Although single-modal visual data processing based on deep learning has made significant progress in fruit detection, they still face many challenges in complex environments. First, single-modal methods (e.g., RGB only detection) are highly susceptible to illumination changes, occlusion, and background clutter, leading to insufficient detection accuracy and robustness. For instance, in low-light conditions or when fruits are partially occluded by leaves, the performance of these methods degrades significantly. Second, most existing models rely heavily on large-scale annotated datasets, which are labor-intensive and time-consuming to acquire, especially for small and densely distributed fruits like cherry tomatoes.
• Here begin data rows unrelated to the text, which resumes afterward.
lemma null_cover_infinite:
  assumes "null_cover F"
  shows "infinite F"
proof
  assume "finite F"
  with assms have "(\<Union>N\<in>F. N) \<in> null_sets lebesgue"
    by (intro null_sets_UN') (auto simp: countable_finite null_cover_def)
  moreover have "{0..1::real} \<subseteq> (\<Union>N\<in>F. N)" using assms by (auto simp: null_cover_def)
  ultimately have "{0..1::real} \<in> null_sets lebesgue"
    using null_sets_completion_subset by blast
  then have "emeasure lborel {0..1::real} = 0"
    by (simp add: null_sets_completion_iff null_setsD1)
  then show False by simp
qed

lemma exists_minimal_null_cover:
  "\<exists>C. null_cover C \<and> |C| \<le>o |UNIV :: real set| \<and> (\<forall>F. null_cover F \<longrightarrow> |C| \<le>o |F| )"
proof -
  let ?Q = "card_of ` {F. null_cover F}"
  have "|(\<lambda>x. {x}) ` {0..1::real}| \<in> ?Q" using null_cover_singletons by blast
  then obtain z where z: "z \<in> ?Q" and min: "\<And>y. (y, z) \<in> ordLess \<Longrightarrow> y \<notin> ?Q"
    using wfE_min[OF wf_ordLess] by metis
  then obtain C where C: "null_cover C" "z = |C|" by blast
  have below: "|C| \<le>o |F|" if "null_cover F" for F
    using min[of "|F|"] that C ordLess_or_ordLeq[OF card_of_Well_order card_of_Well_order, of F C]
    by blast
  have "|C| \<le>o |(\<lambda>x. {x}) ` {0..1::real}|" by (rule below[OF null_cover_singletons])
  also have "|(\<lambda>x. {x}) ` {0..1::real}| \<le>o |{0..1::real}|" by (rule card_of_image)
  also have "|{0..1::real}| \<le>o |UNIV :: real set|" by (rule card_of_mono1) simp
  finally show ?thesis using C below by blast
qed

lemma coneable_if_lin_comb_mem:
  fixes B :: "('i \<Rightarrow> real \<Rightarrow> real) set"
  assumes "S \<subseteq> V" "lin_indep B" "|B| =o |K|"
    and mem: "\<And>T c. finite T \<Longrightarrow> T \<subseteq> B \<Longrightarrow> sum c T \<noteq> 0 \<Longrightarrow> lin_comb T c \<in> S"
  shows "coneable V S K"
proof -
  have "B \<subseteq> S"
    using mem[of "{F}" "\<lambda>_. 1" for F] by (auto simp: lin_comb_def)
  moreover have "sum c T \<noteq> 0" if "finite T" "T \<noteq> {}" "\<forall>F\<in>T. c F > 0"
    for T and c :: "('i \<Rightarrow> real \<Rightarrow> real) \<Rightarrow> real"
    using sum_pos[OF that(1,2), of c] that(3) by simp
  moreover have "sum c T \<noteq> 0" if "finite T" "T \<noteq> {}" "\<forall>F\<in>T. c F < 0"
    for T and c :: "('i \<Rightarrow> real \<Rightarrow> real) \<Rightarrow> real"
    using sum_pos[OF that(1,2), of "\<lambda>F. - c F"] that(3) by (simp add: sum_negf)
  ultimately show ?thesis
    using assms unfolding coneable_def pos_coneable_def neg_coneable_def by (metis (no_types))
qed

lemma finite_separating_set:
  assumes "finite \<S>" "S\<^sub>1 \<in> \<S>"
  obtains F where "finite F" "\<And>S. S \<in> \<S> \<Longrightarrow> S \<inter> F = S\<^sub>1 \<inter> F \<longleftrightarrow> S = S\<^sub>1"
proof -
  have "\<forall>S\<in>\<S> - {S\<^sub>1}. \<exists>x. x \<in> (S - S\<^sub>1) \<union> (S\<^sub>1 - S)" by blast
  then obtain pick where pick: "\<And>S. S \<in> \<S> - {S\<^sub>1} \<Longrightarrow> pick S \<in> (S - S\<^sub>1) \<union> (S\<^sub>1 - S)"
    by metis
  show ?thesis
  proof
    show "finite (pick ` (\<S> - {S\<^sub>1}))" using assms by simp
    fix S assume "S \<in> \<S>"
    then show "S \<inter> pick ` (\<S> - {S\<^sub>1}) = S\<^sub>1 \<inter> pick ` (\<S> - {S\<^sub>1}) \<longleftrightarrow> S = S\<^sub>1"
      using pick[of S] by (cases "S = S\<^sub>1") blast+
  qed
qed

locale null_cover_nets =
  fixes C :: "real set set"
    and code :: "real set set \<Rightarrow> 'i"
    and z_of :: "'b set \<times> 'b set \<Rightarrow> real"
  assumes null_cover: "null_cover C"
    and inj_code: "inj_on code (Fpow C)"
    and inj_z_of: "inj_on z_of (Fpow UNIV \<times> Fpow UNIV)"
    and z_of_unit_interval: "z_of ` (Fpow UNIV \<times> Fpow UNIV) \<subseteq> {0..1}"
    and z_of_null: "z_of ` (Fpow UNIV \<times> Fpow UNIV) \<in> null_sets lebesgue"
begin

definition index_set :: "'i set" where
  "index_set = code ` Fpow C"

definition members :: "'i \<Rightarrow> real set set" where
  "members a = inv_into (Fpow C) code a"

definition below :: "'i \<Rightarrow> 'i \<Rightarrow> bool" where
  "below a b \<longleftrightarrow> members a \<subseteq> members b"

definition Z :: "real set" where
  "Z = z_of ` (Fpow UNIV \<times> Fpow UNIV)"

text \<open>For \<open>S\<close> ranging over all subsets of \<open>'b\<close>, the sets \<open>{z_of (F, G) | F G. S \<inter> F = G}\<close>
  form an independent family of subsets of \<open>Z\<close>.\<close>
definition pattern :: "'b set \<Rightarrow> real \<Rightarrow> real" where
  "pattern S t = (if \<exists>F G. finite F \<and> finite G \<and> t = z_of (F, G) \<and> S \<inter> F = G then 1 else 0)"

definition recip_off :: "'i \<Rightarrow> real \<Rightarrow> real" where
  "recip_off a t = (if t \<in> \<Union>(members a) then 0 else inverse t)"

definition net :: "'b set \<Rightarrow> 'i \<Rightarrow> real \<Rightarrow> real" where
  "net S a t = (if a \<in> index_set \<and> t \<in> {0..1} then if t \<in> Z then pattern S t else recip_off a t else 0)"

definition net_basis :: "('i \<Rightarrow> real \<Rightarrow> real) set" where
  "net_basis = range net"

lemma members_code: "F \<in> Fpow C \<Longrightarrow> members (code F) = F"
  unfolding members_def using inj_code by (simp add: inv_into_f_f)

lemma members_mem_Fpow: "a \<in> index_set \<Longrightarrow> members a \<in> Fpow C"
  unfolding index_set_def members_def by (auto intro: inv_into_into)
lemma M_path_even_length:
  assumes "M_path E M ps x y"
  shows "even (length ps)"
proof -
  have "Suc (length ps - 2) < length ps" "Suc (length ps - 2) = length ps - 1"
    using assms unfolding M_path_def by auto
  then have "even (length ps - 2)" using assms unfolding M_path_def by metis
  then show ?thesis using assms unfolding M_path_def by auto
qed

lemma M_path_ends_unmatched_outside:
  assumes "matching E M" "M_path E M ps x y" "v \<notin> set ps"
  shows "{x, v} \<notin> M" "{y, v} \<notin> M"
proof -
  have "ps \<noteq> []" "2 \<le> length ps" using assms(2) unfolding M_path_def is_path_def by auto
  then have "x = ps ! 0" "y = ps ! (length ps - 1)"
    "ps ! 1 \<in> set ps" "ps ! (length ps - 2) \<in> set ps"
    using assms(2) unfolding M_path_def by (auto simp: hd_conv_nth last_conv_nth)
  moreover have "{ps ! 0, ps ! 1} \<in> M" "{ps ! (length ps - 2), ps ! (length ps - 1)} \<in> M"
    using assms(2) \<open>2 \<le> length ps\<close> unfolding M_path_def by auto
  ultimately show "{x, v} \<notin> M" "{y, v} \<notin> M"
    using assms(3) matching_partner_unique[OF assms(1)] by (metis insert_commute)+
qed

lemma bipartite_sides:
  assumes "bipartite V E"
  obtains A where "\<And>u v. {u, v} \<in> E \<Longrightarrow> u \<in> A \<longleftrightarrow> v \<notin> A"
proof -
  obtain A B where AB: "A \<inter> B = {}" "\<forall>e\<in>E. \<exists>a\<in>A. \<exists>b\<in>B. e = {a, b}"
    using assms unfolding bipartite_def by blast
  have "u \<in> A \<longleftrightarrow> v \<notin> A" if uv_edge: "{u, v} \<in> E" for u v
  proof -
    obtain a b where "a \<in> A" "b \<in> B" and uv: "{u, v} = {a, b}"
      using AB(2) uv_edge by blast
    moreover have "b \<notin> A" using AB(1) \<open>b \<in> B\<close> by blast
    moreover have "u = a \<and> v = b \<or> u = b \<and> v = a" using uv by (simp add: doubleton_eq_iff)
    ultimately show ?thesis by blast
  qed
  then show thesis by (rule that)
qed

lemma side_alternates_along_walk:
  assumes side: "\<And>u v. {u, v} \<in> E \<Longrightarrow> u \<in> A \<longleftrightarrow> v \<notin> A"
    and walk: "\<And>i. Suc i < l \<Longrightarrow> {g i, g (Suc i)} \<in> E" and "j < l"
  shows "g j \<in> A \<longleftrightarrow> (g 0 \<in> A \<longleftrightarrow> even j)"
  using \<open>j < l\<close>
proof (induction j)
  case (Suc j)
  then have "g j \<in> A \<longleftrightarrow> (g 0 \<in> A \<longleftrightarrow> even j)" by simp
  moreover have "g j \<in> A \<longleftrightarrow> g (Suc j) \<notin> A" using side walk Suc.prems by blast
  ultimately show ?case by (simp only: even_Suc) blast
qed simp

lemma M_path_ends_opposite_sides:
  assumes side: "\<And>u v. {u, v} \<in> E \<Longrightarrow> u \<in> A \<longleftrightarrow> v \<notin> A" and path: "M_path E M ps x y"
  shows "x \<in> A \<longleftrightarrow> y \<notin> A"
proof -
  have ne: "ps \<noteq> []" and len: "2 \<le> length ps"
    and walk: "\<And>i. Suc i < length ps \<Longrightarrow> {ps ! i, ps ! Suc i} \<in> E"
    using path unfolding M_path_def is_path_def by auto
  have "length ps - 1 < length ps" using ne by simp
  with side walk have "ps ! (length ps - 1) \<in> A \<longleftrightarrow> (ps ! 0 \<in> A \<longleftrightarrow> even (length ps - 1))"
    by (rule side_alternates_along_walk)
  moreover have "odd (length ps - 1)" using M_path_even_length[OF path] ne by simp
  moreover have "ps ! 0 = x" "ps ! (length ps - 1) = y"
    using path ne unfolding M_path_def by (simp_all add: hd_conv_nth last_conv_nth)
  ultimately show ?thesis by simp
qed

lemma e_between_image_le:
  assumes "finite I"
  shows "e_between E {x, y} (f ` I) \<le> card {k \<in> I. {x, f k} \<in> E} + card {k \<in> I. {y, f k} \<in> E}"
proof -
  let ?NX = "{k \<in> I. {x, f k} \<in> E}" and ?NY = "{k \<in> I. {y, f k} \<in> E}"
  have "{e \<in> E. \<exists>u\<in>{x, y}. \<exists>v\<in>f ` I. e = {u, v}} \<subseteq>
      (\<lambda>k. {x, f k}) ` ?NX \<union> (\<lambda>k. {y, f k}) ` ?NY"
    by auto
  then have "e_between E {x, y} (f ` I) \<le> card ((\<lambda>k. {x, f k}) ` ?NX \<union> (\<lambda>k. {y, f k}) ` ?NY)"
    unfolding e_between_def using assms by (intro card_mono) auto
  also have "\<dots> \<le> card ((\<lambda>k. {x, f k}) ` ?NX) + card ((\<lambda>k. {y, f k}) ` ?NY)"
    by (rule card_Un_le)
  also have "\<dots> \<le> card ?NX + card ?NY"
    using assms by (intro add_mono card_image_le) auto
  finally show ?thesis .
qed

lemma exists_neighbour_pair_at_odd_distance:
  assumes side: "\<And>u v. {u, v} \<in> E \<Longrightarrow> u \<in> A \<longleftrightarrow> v \<notin> A"
    and opposite: "x \<in> A \<longleftrightarrow> y \<notin> A"
    and walk: "\<And>j. {f j, f (Suc j)} \<in> E"
    and periodic: "\<And>a b. f a = f b \<longleftrightarrow> a mod (2 * n) = b mod (2 * n)"
    and many: "n < e_between E {x, y} (f ` {..<2 * n})" and "odd d"
  obtains j where "even j" "{y, f j} \<in> E \<and> {x, f (j + d)} \<in> E \<or> {x, f j} \<in> E \<and> {y, f (j + d)} \<in> E"
proof -
  define NX where "NX = {k \<in> {..<2 * n}. {x, f k} \<in> E}"
  define NY where "NY = {k \<in> {..<2 * n}. {y, f k} \<in> E}"
  have parity: "even k \<longleftrightarrow> (f 0 \<in> A \<longleftrightarrow> v \<notin> A)" if "{v, f k} \<in> E" for v k
    using side[OF that] side_alternates_along_walk[OF side, where l = "Suc k" and g = f and j = k] walk
    by auto
  have count: "n < card NX + card NY"
    using many e_between_image_le[of "{..<2 * n}" E x y f] unfolding NX_def NY_def by simp
  have shift: "f ((j + d) mod (2 * n)) = f (j + d)" for j using periodic by simp
  show thesis
  proof (cases "f 0 \<in> A \<longleftrightarrow> x \<notin> A")
    case True
    then have "NX \<subseteq> {k. k < 2 * n \<and> even k}" "NY \<subseteq> {k. k < 2 * n \<and> odd k}"
      using parity opposite unfolding NX_def NY_def by auto
    from exists_odd_shift_pair[OF this \<open>odd d\<close> count]
    obtain j where "j \<in> NX" "(j + d) mod (2 * n) \<in> NY" by blast
    then show thesis using that[of j] True parity shift unfolding NX_def NY_def by auto
  next
    case False
    then have "NY \<subseteq> {k. k < 2 * n \<and> even k}" "NX \<subseteq> {k. k < 2 * n \<and> odd k}"
      using parity opposite unfolding NX_def NY_def by auto
    moreover have "n < card NY + card NX" using count by linarith
    ultimately obtain j where "j \<in> NY" "(j + d) mod (2 * n) \<in> NX"
      using exists_odd_shift_pair[OF _ _ \<open>odd d\<close>] by blast
    then show thesis using that[of j] False opposite parity shift unfolding NX_def NY_def by auto
  qed
qed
Third, while some studies have attempted to improve detection accuracy by increasing model complexity, this usually comes at the cost of increased computational cost, making them unsuitable for real-time applications, such as robotic harvesting. To address these issues, multimodal fusion has gradually become an important research direction to meet these challenges. Especially when picking, robots are usually equipped with multiple sensors, such as color and depth cameras. Fusing information from different modalities can not only improve the precision of fruit detection but also enhance the system’s ability to adapt to environmental changes. In recent years, multimodal methods combining color (RGB) and depth images have been widely used in fruit detection and made remarkable progress. Tu et al. developed a fruit and maturity detection model using RGB-D images [
20]. Their ablation experiment showed that the introduction of depth improved the detection accuracy by 3.03%. Cui et al. proposed a single cherry tomato detection method that combines RGB-D inputs. The RGB image is converted into the LAB color space and then fused with the depth map and normal vector map obtained from the point cloud as the inputs of an improved YOLOv7 to detect cherry tomatoes [
21,
22]. Similarly, Rong et al. optimized YOLOv5 by fusing RGB and depth images to improve the detection performance of cherry tomato clusters/bunches [
23]. In addition, Kaukab et al. used multimodal data as the input of YOLOv5 and effectively reduced the impact of depth image noise via a deep fusion method of non-targeted background removal and achieved an precision of 96.4% for apple detection [
24].
The fusion methods of multimodal images can be divided into three types, early fusion, mid-term fusion, and late fusion, according to its introduction at different processing stages. In early-fusion methods, images from different modalities are directly integrated at the image level before being fed into the network. For example, Liu et al. significantly improved the average precision of kiwifruit detection to 90.7% by superimposing RGB and near-infrared images to form a four-dimensional tensor as the input of the VGG16 [
25]. However, this method is prone to pixel misalignment due to offset between images of different modalities. In contrast, late fusion linearly combines independent predictions at the decision stage. Sa et al. combined the detection results of RGB and NIR images in the last step of the shared feature extraction network Faster R-CNN and improved the detection accuracy from 81.6% to 83.8% [
26], especially effective for fruits with similar colors, such as green peppers and melons. However, in late fusion, different modality features cannot learn from each other, resulting in poor interactions between different network branches. As a feature-level fusion method, mid-term fusion combines multimodal feature maps and can effectively balance the depth and efficiency of feature integration. For example, Wei et al. designed a multi-branch backbone network that includes color, infrared, and polarization image inputs [
27]. By using operations such as feature connection, dimensionality reduction, and activation, they achieved higher target-recognition precision in complex environments. However, it also significantly reduces the inference speed.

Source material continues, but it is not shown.